When 46-year-old chief designer Shunsaku Kodama was honored with overseeing Toyota’s hugely important 2016 Prius redesign, he mixed human elements, techie features, and was inspired by Lady Gaga.
“There were very high expectations for the Prius,” said Kodama of his first assignment overseeing a revised nameplate to Automotive News. “As a concept, we were thinking Lady Gaga.

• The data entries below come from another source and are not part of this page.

(* Let $n\ge2$ be an integer. Then Hypothesis C holds for $\mathbf{GL}_n$: for every quasicharacter $\phi$ of $G=\mathbf{GL}_n(F)$ of positive depth $r$ and every $x\in\mathscr B(\mathbf{GL}_n,F)$, the restriction $\phi|_{G_{x,(r/2)^+}}$ is realized by an element of $\mathfrak z^*_{-r}$.
   Context: $F$ is a nonarchimedean local field of odd residual characteristic, valuation normalized by $v_F(F^\times)=\mathbb Z$, $\mathfrak O_F,\mathfrak P_F$ its integers and maximal ideal, $\psi$ a fixed character of $F$ trivial on $\mathfrak P_F$ and nontrivial on $\mathfrak O_F$. $G_{x,t}$, $\mathfrak g_{x,t}$ are Moy–Prasad subgroups and lattices, $G_{x,t^+}=\bigcup_{s>t}G_{x,s}$, $\mathfrak g^*_{x,t}=\{\lambda\in\mathfrak g^*:\lambda(\mathfrak g_{x,(-t)^+})\subset\mathfrak P_F\}$, $\mathfrak g^*_t=\bigcup_x\mathfrak g^*_{x,t}$; $\mathfrak z^*$ is the dual of the centre of $\mathfrak g$, viewed as the $\mathrm{Ad}^*G$-fixed elements of $\mathfrak g^*$ (the functionals $X\mapsto\beta\operatorname{tr}X$), and $\mathfrak z^*_t=\mathfrak z^*\cap\mathfrak g^*_t$. The depth of a quasicharacter $\phi$ is the least $r\ge0$ with $\phi|_{G_{x,r^+}}=1$ for some (equivalently all) $x$. For $r>0$, $e:\mathfrak g_{x,(r/2)^+}/\mathfrak g_{x,r^+}\to G_{x,(r/2)^+}/G_{x,r^+}$ is Yu's canonical (Moy–Prasad) isomorphism; $\phi|_{G_{x,(r/2)^+}}$ is realized by $X^*\in\mathfrak g^*$ if $\phi(e(Y+\mathfrak g_{x,r^+}))=\psi(X^*(Y))$ for all $Y\in\mathfrak g_{x,(r/2)^+}$. *)

theory Defs
  imports "HOL-Analysis.Analysis"
begin

definition disc_val :: "('a::field \<Rightarrow> ereal) \<Rightarrow> bool" where
  "disc_val v \<longleftrightarrow>
     (\<forall>x. v x = \<infinity> \<longleftrightarrow> x = 0) \<and>
     (\<forall>x. x \<noteq> 0 \<longrightarrow> (\<exists>k::int. v x = ereal (of_int k))) \<and>
     (\<forall>k::int. \<exists>x. v x = ereal (of_int k)) \<and>
     (\<forall>x y. v (x * y) = v x + v y) \<and>
     (\<forall>x y. min (v x) (v y) \<le> v (x + y))"

text \<open>Nonarchimedean local field: complete discretely valued field with finite residue field
  O_F / P_F.  Odd residual characteristic: 2 is a unit of O_F, i.e. v 2 = 0.\<close>

definition nonarch_local_field_odd :: "('a::field \<Rightarrow> ereal) \<Rightarrow> bool" where
  "nonarch_local_field_odd v \<longleftrightarrow>
     disc_val v \<and>
     (\<forall>a::nat \<Rightarrow> 'a. (\<forall>k::int. \<exists>N. \<forall>m\<ge>N. \<forall>n\<ge>N. ereal (of_int k) \<le> v (a m - a n)) \<longrightarrow>
        (\<exists>L. \<forall>k::int. \<exists>N. \<forall>m\<ge>N. ereal (of_int k) \<le> v (a m - L))) \<and>
     (\<exists>S. finite S \<and> S \<subseteq> {a. 0 \<le> v a} \<and> (\<forall>a. 0 \<le> v a \<longrightarrow> (\<exists>s\<in>S. 1 \<le> v (a - s)))) \<and>
     v (1 + 1) = 0"

definition std_add_char :: "('a::field \<Rightarrow> ereal) \<Rightarrow> ('a \<Rightarrow> complex) \<Rightarrow> bool" where
  "std_add_char v \<psi> \<longleftrightarrow>
     (\<forall>a b. \<psi> (a + b) = \<psi> a * \<psi> b) \<and> (\<forall>a. cmod (\<psi> a) = 1) \<and>
     (\<forall>a. 1 \<le> v a \<longrightarrow> \<psi> a = 1) \<and> (\<exists>a. 0 \<le> v a \<and> \<psi> a \<noteq> 1)"

text \<open>Points of the (extended) building of GL_n(F), Goldman--Iwahori: splittable additive norms
  on F^n, i.e. alpha(g c) = min_i (v(c_i) + s_i) for some basis (columns of g) and reals s_i.\<close>

definition building :: "('a::field \<Rightarrow> ereal) \<Rightarrow> ('a^'n::finite \<Rightarrow> ereal) set" where
  "building v = {\<alpha>. \<exists>(g::'a^'n^'n) (s::'n \<Rightarrow> real). invertible g \<and>
        (\<forall>c. \<alpha> (g *v c) = (MIN i. v (c $ i) + ereal (s i)))}"

definition lie_filt :: "('a::field^'n::finite \<Rightarrow> ereal) \<Rightarrow> real \<Rightarrow> ('a^'n^'n) set" where
  "lie_filt \<alpha> t = {X. \<forall>u. \<alpha> u + ereal t \<le> \<alpha> (X *v u)}"

definition lie_filt_plus :: "('a::field^'n::finite \<Rightarrow> ereal) \<Rightarrow> real \<Rightarrow> ('a^'n^'n) set" where
  "lie_filt_plus \<alpha> t = (\<Union>s\<in>{s. t < s}. lie_filt \<alpha> s)"

definition grp_filt :: "('a::field^'n::finite \<Rightarrow> ereal) \<Rightarrow> real \<Rightarrow> ('a^'n^'n) set" where
  "grp_filt \<alpha> t = {g. invertible g \<and> g - mat 1 \<in> lie_filt \<alpha> t}"

definition grp_filt_plus :: "('a::field^'n::finite \<Rightarrow> ereal) \<Rightarrow> real \<Rightarrow> ('a^'n^'n) set" where
  "grp_filt_plus \<alpha> t = (\<Union>s\<in>{s. t < s}. grp_filt \<alpha> s)"

text \<open>Quasicharacter of GL_n(F): continuous homomorphism GL_n(F) -> C^x
  (continuity of a homomorphism = continuity at the identity, for the v-adic topology).\<close>

definition quasichar :: "('a::field \<Rightarrow> ereal) \<Rightarrow> ('a^'n::finite^'n \<Rightarrow> complex) \<Rightarrow> bool" where
  "quasichar v \<phi> \<longleftrightarrow>
     (\<forall>g h. invertible g \<and> invertible h \<longrightarrow> \<phi> (g ** h) = \<phi> g * \<phi> h) \<and>
     (\<forall>g. invertible g \<longrightarrow> \<phi> g \<noteq> 0) \<and>
     (\<forall>\<epsilon>>0. \<exists>m::int. \<forall>g. invertible g \<and> (\<forall>i j. ereal (of_int m) \<le> v (g $ i $ j - mat 1 $ i $ j))
          \<longrightarrow> cmod (\<phi> g - 1) < \<epsilon>)"

definition has_depth :: "('a::field \<Rightarrow> ereal) \<Rightarrow> ('a^'n::finite^'n \<Rightarrow> complex) \<Rightarrow> real \<Rightarrow> bool" where
  "has_depth v \<phi> r \<longleftrightarrow> 0 \<le> r \<and>
     (\<exists>\<alpha>\<in>building v. \<forall>g\<in>grp_filt_plus \<alpha> r. \<phi> g = 1) \<and>
     (\<forall>s. 0 \<le> s \<and> s < r \<longrightarrow> \<not> (\<exists>\<alpha>\<in>building v. \<forall>g\<in>grp_filt_plus \<alpha> s. \<phi> g = 1))"

definition dual_filt :: "('a::field \<Rightarrow> ereal) \<Rightarrow> ('a^'n::finite \<Rightarrow> ereal) \<Rightarrow> real
    \<Rightarrow> ('a^'n^'n \<Rightarrow> 'a) set" where
  "dual_filt v \<alpha> t = {l. \<forall>Y\<in>lie_filt_plus \<alpha> (- t). 1 \<le> v (l Y)}"

definition dual_depth :: "('a::field \<Rightarrow> ereal) \<Rightarrow> real \<Rightarrow> ('a^'n::finite^'n \<Rightarrow> 'a) set" where
  "dual_depth v t = (\<Union>\<alpha>\<in>building v. dual_filt v \<alpha> t)"

definition centre_dual :: "('a::field^'n::finite^'n \<Rightarrow> 'a) set" where
  "centre_dual = {l. \<exists>\<beta>. l = (\<lambda>X. \<beta> * trace X)}"

text \<open>phi restricted to G_{x,(r/2)+} is realized by lambda: phi(e(Y + g_{x,r+})) = psi(lambda Y),
  where for GL_n the Moy--Prasad isomorphism is e(Y + g_{x,r+}) = (1 + Y) G_{x,r+}.\<close>

definition realizes :: "('a::field \<Rightarrow> complex) \<Rightarrow> ('a^'n::finite^'n \<Rightarrow> complex) \<Rightarrow> ('a^'n \<Rightarrow> ereal)
    \<Rightarrow> real \<Rightarrow> ('a^'n^'n \<Rightarrow> 'a) \<Rightarrow> bool" where
  "realizes \<psi> \<phi> \<alpha> r l \<longleftrightarrow> (\<forall>Y\<in>lie_filt_plus \<alpha> (r / 2). \<phi> (mat 1 + Y) = \<psi> (l Y))"

end

theory Submission
  imports Defs
begin

text \<open>Transvections are conjugate to their squares by diagonal matrices (\<open>2\<close> being a unit), so a
  quasicharacter \<open>\<phi>\<close> is trivial on them and, by Gaussian elimination, factors as \<open>\<phi> = \<chi> \<circ> det\<close>.
  Depth \<open>r\<close> makes \<open>u \<mapsto> \<chi>(1 + u)\<close> trivial on \<open>P\<^sub>r\<^sub>+\<close> and additive on \<open>P\<^sub>(\<^sub>r\<^sub>/\<^sub>2\<^sub>)\<^sub>+\<close>, so by the
  self-duality of the finite residue field under \<open>\<psi>\<close> it equals \<open>\<psi>(\<beta> u)\<close> with \<open>\<beta> \<in> P\<^bsup>-\<lfloor>r\<rfloor>\<^esup>\<close>.
  For \<open>Y \<in> \<g>\<^sub>x\<^sub>,\<^sub>(\<^sub>r\<^sub>/\<^sub>2\<^sub>)\<^sub>+\<close> one has \<open>det (1 + Y) \<equiv> 1 + tr Y\<close> modulo \<open>P\<^sub>r\<^sub>+\<close>, hence
  \<open>\<phi>(1 + Y) = \<psi>(\<beta> tr Y)\<close>: the central functional \<open>X \<mapsto> \<beta> tr X\<close> realizes \<open>\<phi>\<close>.\<close>

lemma ereal_le_add_shift: "ereal a \<le> x \<Longrightarrow> x \<noteq> -\<infinity> \<Longrightarrow> ereal c \<le> x + ereal (c - a)"
  by (cases x) auto

lemma ereal_le_minus_shift: "(x::ereal) \<noteq> -\<infinity> \<Longrightarrow> ereal b \<le> x + ereal a \<Longrightarrow> ereal (b - a) \<le> x"
  by (cases x) auto

locale discrete_valuation =
  fixes v :: "'a::field \<Rightarrow> ereal"
  assumes disc_val: "disc_val v"
begin

lemma val_eq_infinity_iff [simp]: "v x = \<infinity> \<longleftrightarrow> x = 0"
  using disc_val unfolding disc_val_def by (elim conjE) (rule spec)

lemma val_integer: "x \<noteq> 0 \<Longrightarrow> \<exists>k::int. v x = ereal (of_int k)"
  using disc_val unfolding disc_val_def by (elim conjE) simp

lemma val_surj: "\<exists>x. v x = ereal (of_int k)"
  using disc_val unfolding disc_val_def by (elim conjE) simp

lemma val_mult: "v (x * y) = v x + v y"
  using disc_val unfolding disc_val_def by (elim conjE) simp

lemma val_add: "min (v x) (v y) \<le> v (x + y)"
  using disc_val unfolding disc_val_def by (elim conjE) simp

lemma val_zero [simp]: "v 0 = \<infinity>"
  by simp

lemma val_not_minf: "v x \<noteq> -\<infinity>"
  by (cases "x = 0") (auto dest!: val_integer)

lemma val_one [simp]: "v 1 = 0"
proof -
  obtain k :: int where k: "v 1 = ereal k" using val_integer[of 1] by auto
  have "v 1 = v 1 + v 1" using val_mult[of 1 1] by simp
  with k show ?thesis by (simp add: zero_ereal_def)
qed

lemma val_minus_one [simp]: "v (-1) = 0"
proof -
  obtain k :: int where k: "v (-1) = ereal k" using val_integer[of "-1"] by auto
  have "v (-1) + v (-1) = 0" using val_mult[of "-1" "-1"] by simp
  with k show ?thesis by (simp add: zero_ereal_def)
qed

lemma val_minus [simp]: "v (- x) = v x"
  using val_mult[of "-1" x] by simp

lemma val_add_ge: "B \<le> v x \<Longrightarrow> B \<le> v y \<Longrightarrow> B \<le> v (x + y)"
  by (meson min.bounded_iff order_trans val_add)

lemma val_diff_ge: "B \<le> v x \<Longrightarrow> B \<le> v y \<Longrightarrow> B \<le> v (x - y)"
  using val_add_ge[of B x "- y"] by simp

lemma val_sum_ge: "finite A \<Longrightarrow> (\<And>i. i \<in> A \<Longrightarrow> B \<le> v (f i)) \<Longrightarrow> B \<le> v (sum f A)"
  by (induction A rule: finite_induct) (auto intro: val_add_ge)

lemma val_prod_ge:
  "finite A \<Longrightarrow> (\<And>i. i \<in> A \<Longrightarrow> ereal (c i) \<le> v (f i)) \<Longrightarrow> ereal (sum c A) \<le> v (prod f A)"
proof (induction A rule: finite_induct)
  case (insert a A)
  have "ereal (c a) + ereal (sum c A) \<le> v (f a) + v (prod f A)"
    using insert by (intro add_mono) auto
  with insert show ?case by (simp add: val_mult)
qed simp

lemma val_power: "v x = ereal c \<Longrightarrow> v (x ^ n) = ereal (real n * c)"
  by (induction n) (simp_all add: val_mult algebra_simps zero_ereal_def)

lemma val_inverse: "x \<noteq> 0 \<Longrightarrow> v (inverse x) = - v x"
  using val_mult[of x "inverse x"] val_integer[of x] val_integer[of "inverse x"]
  by (auto simp: zero_ereal_def)

lemma val_gt_imp_ge_floor_plus_one: "ereal t < v x \<Longrightarrow> ereal (of_int (\<lfloor>t\<rfloor> + 1)) \<le> v x"
proof (cases "x = 0")
  case False
  then obtain k :: int where k: "v x = ereal k" using val_integer by blast
  moreover assume "ereal t < v x"
  ultimately have "\<lfloor>t\<rfloor> + 1 \<le> k" by simp linarith
  with k show ?thesis by simp
qed simp

lemma val_nonneg_less_one: "0 \<le> v x \<Longrightarrow> \<not> 1 \<le> v x \<Longrightarrow> v x = 0"
  using val_integer[of x] by (cases "x = 0") (auto simp: zero_ereal_def one_ereal_def)

lemma val_one_plus: "0 < v z \<Longrightarrow> v (1 + z) = 0"
  using val_add[of 1 z] val_add[of "1 + z" "- z"]
  by (simp add: min_def split: if_splits)

lemma one_plus_nonzero: "0 < v z \<Longrightarrow> 1 + z \<noteq> 0"
  using val_one_plus by fastforce

lemma val_sign_mult [simp]: "v (of_int (sign p) * x) = v x"
  by (cases rule: sign_cases[of p]) auto

end

locale residue_field_character = discrete_valuation v for v :: "'a::field \<Rightarrow> ereal" +
  fixes \<psi> :: "'a \<Rightarrow> complex" and S :: "'a set"
  assumes finite_S: "finite S" and S_integral: "\<And>s. s \<in> S \<Longrightarrow> 0 \<le> v s"
    and S_covers: "\<And>a. 0 \<le> v a \<Longrightarrow> \<exists>s\<in>S. 1 \<le> v (a - s)"
    and psi_add: "\<And>a b. \<psi> (a + b) = \<psi> a * \<psi> b"
    and psi_trivial: "\<And>a. 1 \<le> v a \<Longrightarrow> \<psi> a = 1"
    and psi_nontrivial: "\<exists>a. 0 \<le> v a \<and> \<psi> a \<noteq> 1"
begin

lemma psi_zero [simp]: "\<psi> 0 = 1"
  using psi_trivial[of 0] by simp

lemma psi_minus_mult: "\<psi> (- a) * \<psi> a = 1"
  using psi_add[of "- a" a] by simp

definition cong_P :: "'a \<Rightarrow> 'a \<Rightarrow> bool" where
  "cong_P a b \<longleftrightarrow> 1 \<le> v (a - b)"

lemma cong_P_sym: "cong_P a b \<Longrightarrow> cong_P b a"
  unfolding cong_P_def by (metis minus_diff_eq val_minus)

We wanted to be more extreme in our design.”
The Prius is now extreme, though after input from others, the end result has been seen as polarizing between those who like it, and others who have bluntly and frankly said they do not.
Not alone in his visionary endeavor, Kodama’s first design proposal to his bosses had more “soft and organic” elements, but was rejected by the higher-ups, who told him to make it more techie.

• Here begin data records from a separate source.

lemma continuous_on_dist_S_edge: "continuous_on UNIV (\<lambda>t. dist_S (Ip e t) q)"
proof (cases q)
  case (Vx v)
  then show ?thesis by (simp add: dist_S_Ip Let_def) (intro continuous_intros)
next
  case (Ip e' s)
  then show ?thesis by (cases "e' = e") (simp_all add: dist_S_Ip Let_def, (intro continuous_intros)+)
qed

section \<open>Directions at a location\<close>

text \<open>A direction (e, b) at w is the part of edge e from w towards its endpoint farv ends e b.
  Along it, seg_coord is the signed distance from w (positive towards farv ends e b), seg_pt its
  inverse, seg_len the length of the part and back_len the length of the rest of e behind w.\<close>

definition "seg_len w e b = \<bar>farc len e b - coord ends len w e\<bar>"
definition "back_len w e b = \<bar>farc len e (\<not> b) - coord ends len w e\<bar>"
definition "seg_pt w e b s = (if b then coord ends len w e + s else coord ends len w e - s)"
definition "seg_coord w e b u = (if b then u - coord ends len w e else coord ends len w e - u)"
definition "seg_dist w e b q = (case q of Vx _ \<Rightarrow> seg_len w e b | Ip _ u \<Rightarrow> seg_coord w e b u)"

lemma dirs_iff: "(e, b) \<in> dirs E ends w \<longleftrightarrow>
   (\<exists>v. w = Vx v \<and> e \<in> E \<and> incident e v \<and> b = (v = fst (ends e))) \<or> (\<exists>t. w = Ip e t)"
  by (cases w) (auto simp: dirs_def incident_def)

lemma dirs_VxI:
  assumes "e \<in> E" "ends e = (v, c) \<or> ends e = (c, v)"
  shows "(e, v = fst (ends e)) \<in> dirs E ends (Vx v)" "farv ends e (v = fst (ends e)) = c"
  using assms edge_wf(3)[OF assms(1)] by (cases "ends e"; auto simp: dirs_def farv_def)+

lemma dirs_Vx_image:
  "dirs E ends (Vx v) = (\<lambda>e. (e, v = fst (ends e))) ` {e\<in>E. v = fst (ends e) \<or> v = snd (ends e)}"
  by (auto simp: dirs_def)

lemma finite_dirs: "finite (dirs E ends w)"
  by (cases w) (simp_all add: dirs_Vx_image finite_E, simp add: dirs_def)

lemma card_dirs: "card (dirs E ends w) = pdeg E ends w"
proof (cases w)
  case (Vx v)
  have "inj_on (\<lambda>e. (e, v = fst (ends e))) X" for X by (auto simp: inj_on_def)
  then show ?thesis using Vx by (simp add: dirs_Vx_image card_image vdeg_def)
qed (simp add: dirs_def)

lemma saturated_dirs_nonempty:
  assumes "saturated V E ends len n x w" "i < n" "x i = w"
  shows "dirs E ends w \<noteq> {}"
proof -
  have "0 < card {j. j < n \<and> x j = w}" using assms(2,3) by (auto simp: card_gt_0_iff)
  then show ?thesis using assms(1) card_dirs[of w] by (auto simp: saturated_def)
qed

lemma ends_farv: "ends e = (farv ends e b, farv ends e (\<not> b)) \<or> ends e = (farv ends e (\<not> b), farv ends e b)"
  by (cases b) (auto simp: farv_def)

lemma seg_pt_coord: "seg_pt w e b (seg_coord w e b u) = u" "seg_coord w e b (seg_pt w e b s) = s"
  by (auto simp: seg_pt_def seg_coord_def)

context
  fixes w e b
  assumes vw: "valid_pt V E len w" and dw: "(e, b) \<in> dirs E ends w"
begin

lemma dir_edge: "e \<in> E"
  using dw vw by (auto simp: dirs_iff)

lemma dir_coord_range: "0 \<le> coord ends len w e" "coord ends len w e \<le> len e"
  using dw vw edge_wf(4)[OF dir_edge] by (auto simp: dirs_iff coord_def)

lemma dir_props:
  "0 < seg_len w e b" "0 \<le> back_len w e b" "seg_len w e b + back_len w e b = len e"
  "farv ends e b \<noteq> farv ends e (\<not> b)" "farv ends e b \<in> V" "farv ends e (\<not> b) \<in> V"
  "incident e (farv ends e b)" "incident e (farv ends e (\<not> b))"
  using dw vw edge_wf[OF dir_edge] dir_coord_range
  by (auto simp: dirs_iff coord_def seg_len_def back_len_def farc_def farv_def incident_def)

lemma dir_Vx: "w = Vx v \<Longrightarrow> v = farv ends e (\<not> b) \<and> back_len w e b = 0"
  using dw vw edge_wf[OF dir_edge]
  by (auto simp: dirs_iff coord_def back_len_def farc_def farv_def incident_def)

lemma dir_Ip: "w = Ip e' t \<Longrightarrow> e' = e \<and> back_len w e b > 0 \<and> coord ends len w e = t"
  using dw vw edge_wf[OF dir_edge] by (auto simp: dirs_iff coord_def back_len_def farc_def)

lemma valid_seg_pt: "0 < s \<Longrightarrow> s < seg_len w e b \<Longrightarrow> valid_pt V E len (Ip e (seg_pt w e b s))"
  using dir_coord_range dir_edge by (auto simp: seg_pt_def seg_len_def farc_def)

lemma seg_coord_gt: "valid_pt V E len (Ip e u) \<Longrightarrow> - back_len w e b < seg_coord w e b u"
  using dir_coord_range by (cases b) (auto simp: seg_coord_def back_len_def farc_def)

lemma seg_coord_less: "valid_pt V E len (Ip e u) \<Longrightarrow> seg_coord w e b u < seg_len w e b"
  using dir_coord_range by (cases b) (auto simp: seg_coord_def seg_len_def farc_def)

lemma on_seg_iff:
  "valid_pt V E len q \<Longrightarrow>
     on_seg ends len w e b q \<longleftrightarrow> q = Vx (farv ends e b) \<or> (\<exists>u. q = Ip e u \<and> 0 < seg_coord w e b u)"
  using dir_coord_range by (cases b; cases q) (auto simp: on_seg_def seg_coord_def)

lemma not_on_seg_self: "\<not> on_seg ends len w e b w"
  using dir_Vx dir_Ip dir_props(4) by (cases w) (auto simp: on_seg_def)

lemma seg_coord_nonpos:
  "valid_pt V E len (Ip e u) \<Longrightarrow> \<not> on_seg ends len w e b (Ip e u) \<Longrightarrow> seg_coord w e b u \<le> 0"
  using on_seg_iff[of "Ip e u"] by auto

lemma seg_dist_range:
  "valid_pt V E len q \<Longrightarrow> on_seg ends len w e b q \<Longrightarrow> 0 < seg_dist w e b q \<and> seg_dist w e b q \<le> seg_len w e b"
  using dir_coord_range dir_props(1)
  by (cases b; cases q) (auto simp: on_seg_def seg_coord_def seg_dist_def seg_len_def farc_def)

lemma dist_S_seg_pt:
  "dist_S (Ip e (seg_pt w e b s)) q =
     (let X = min (back_len w e b + s + dist_VS (farv ends e (\<not> b)) q) (seg_len w e b - s + dist_VS (farv ends e b) q)
      in case q of Ip e' u \<Rightarrow> if e' = e then min X \<bar>s - seg_coord w e b u\<bar> else X | Vx _ \<Rightarrow> X)"
  using dir_coord_range
  by (cases b; cases q)
    (simp_all add: dist_S_Ip seg_pt_def seg_len_def back_len_def farc_def farv_def seg_coord_def
      algebra_simps min.commute Let_def abs_minus_commute)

Practical elements in the more edgy and angular presentation we now know as the 2016 Prius included retaining enough familiarity and design continuity with what has been called, as has Lady Gaga, an “icon.”
Other practical elements were in improving the aerodynamic coefficient of drag from 0.25 to 0.24, and in improving occupancy room in the slightly larger midsized hybrid.
“The hardest issue was trying to keep the triangular silhouette,” Kodama said, but clever engineering helped with the packaging.
Another goal was increasing the visceral reaction the car imparts over what is supposed to be an expression of high tech machinery.
The Prius since its 1997 Japanese debut was perceived with each new generation as less exciting, according to internal studies done by Toyota.
The new 2016 aims to fix that, and here’s where Lady Gaga’s in-your-face ethos was “channeled,” said Automotive News.
Beyond the outlandish star who may also have her detractors, merged into the design was an “organic” and “humanistic” feel along with perceptibly futuristic features.
Like Lady Gaga, the car is different, and certainly does stand out against a sea of me-too designs.
“We have to create a new value, something completely different from our competitors and other environmental vehicles,” Kodama said. “Being emotional and creating excitement is something I strived for as the designer of the fourth-generation Prius.”
Design elements considered “human” or organic include rounded and flowing surfaces, and Kodama had been predisposed toward this sensibility from the start.
Executive Vice President Mitsuhisa Kato who also had oversight in the Prius redesign hwoever told him to err on the techie side which explains some of the jarring features.
Radically flaring headlights, “zigzagging” taillights, and the creased hood were among the results, as was a bisecting aggressive fold and other details.
The humanity was preserved with things like a rounded wrap-around dash and air vents, among other subtleties.
Every detail was sweated, thought about, and analyzed, but in the end, the product will need to sell well, and it may to people who buy not just for what it looks like, but what they perceive it is.
Toyota has the longest head start with the Prius first launched in the U.S. in 2000. Many people buy it just because it’s a Prius, and a known quantity.
The look does stand out, but in the end, the newness – or offensiveness as some have loudly proclaimed – may wear off.
Others who like it will meanwhile be pleased, regardless whether or not they are a fan of Lady Gaga.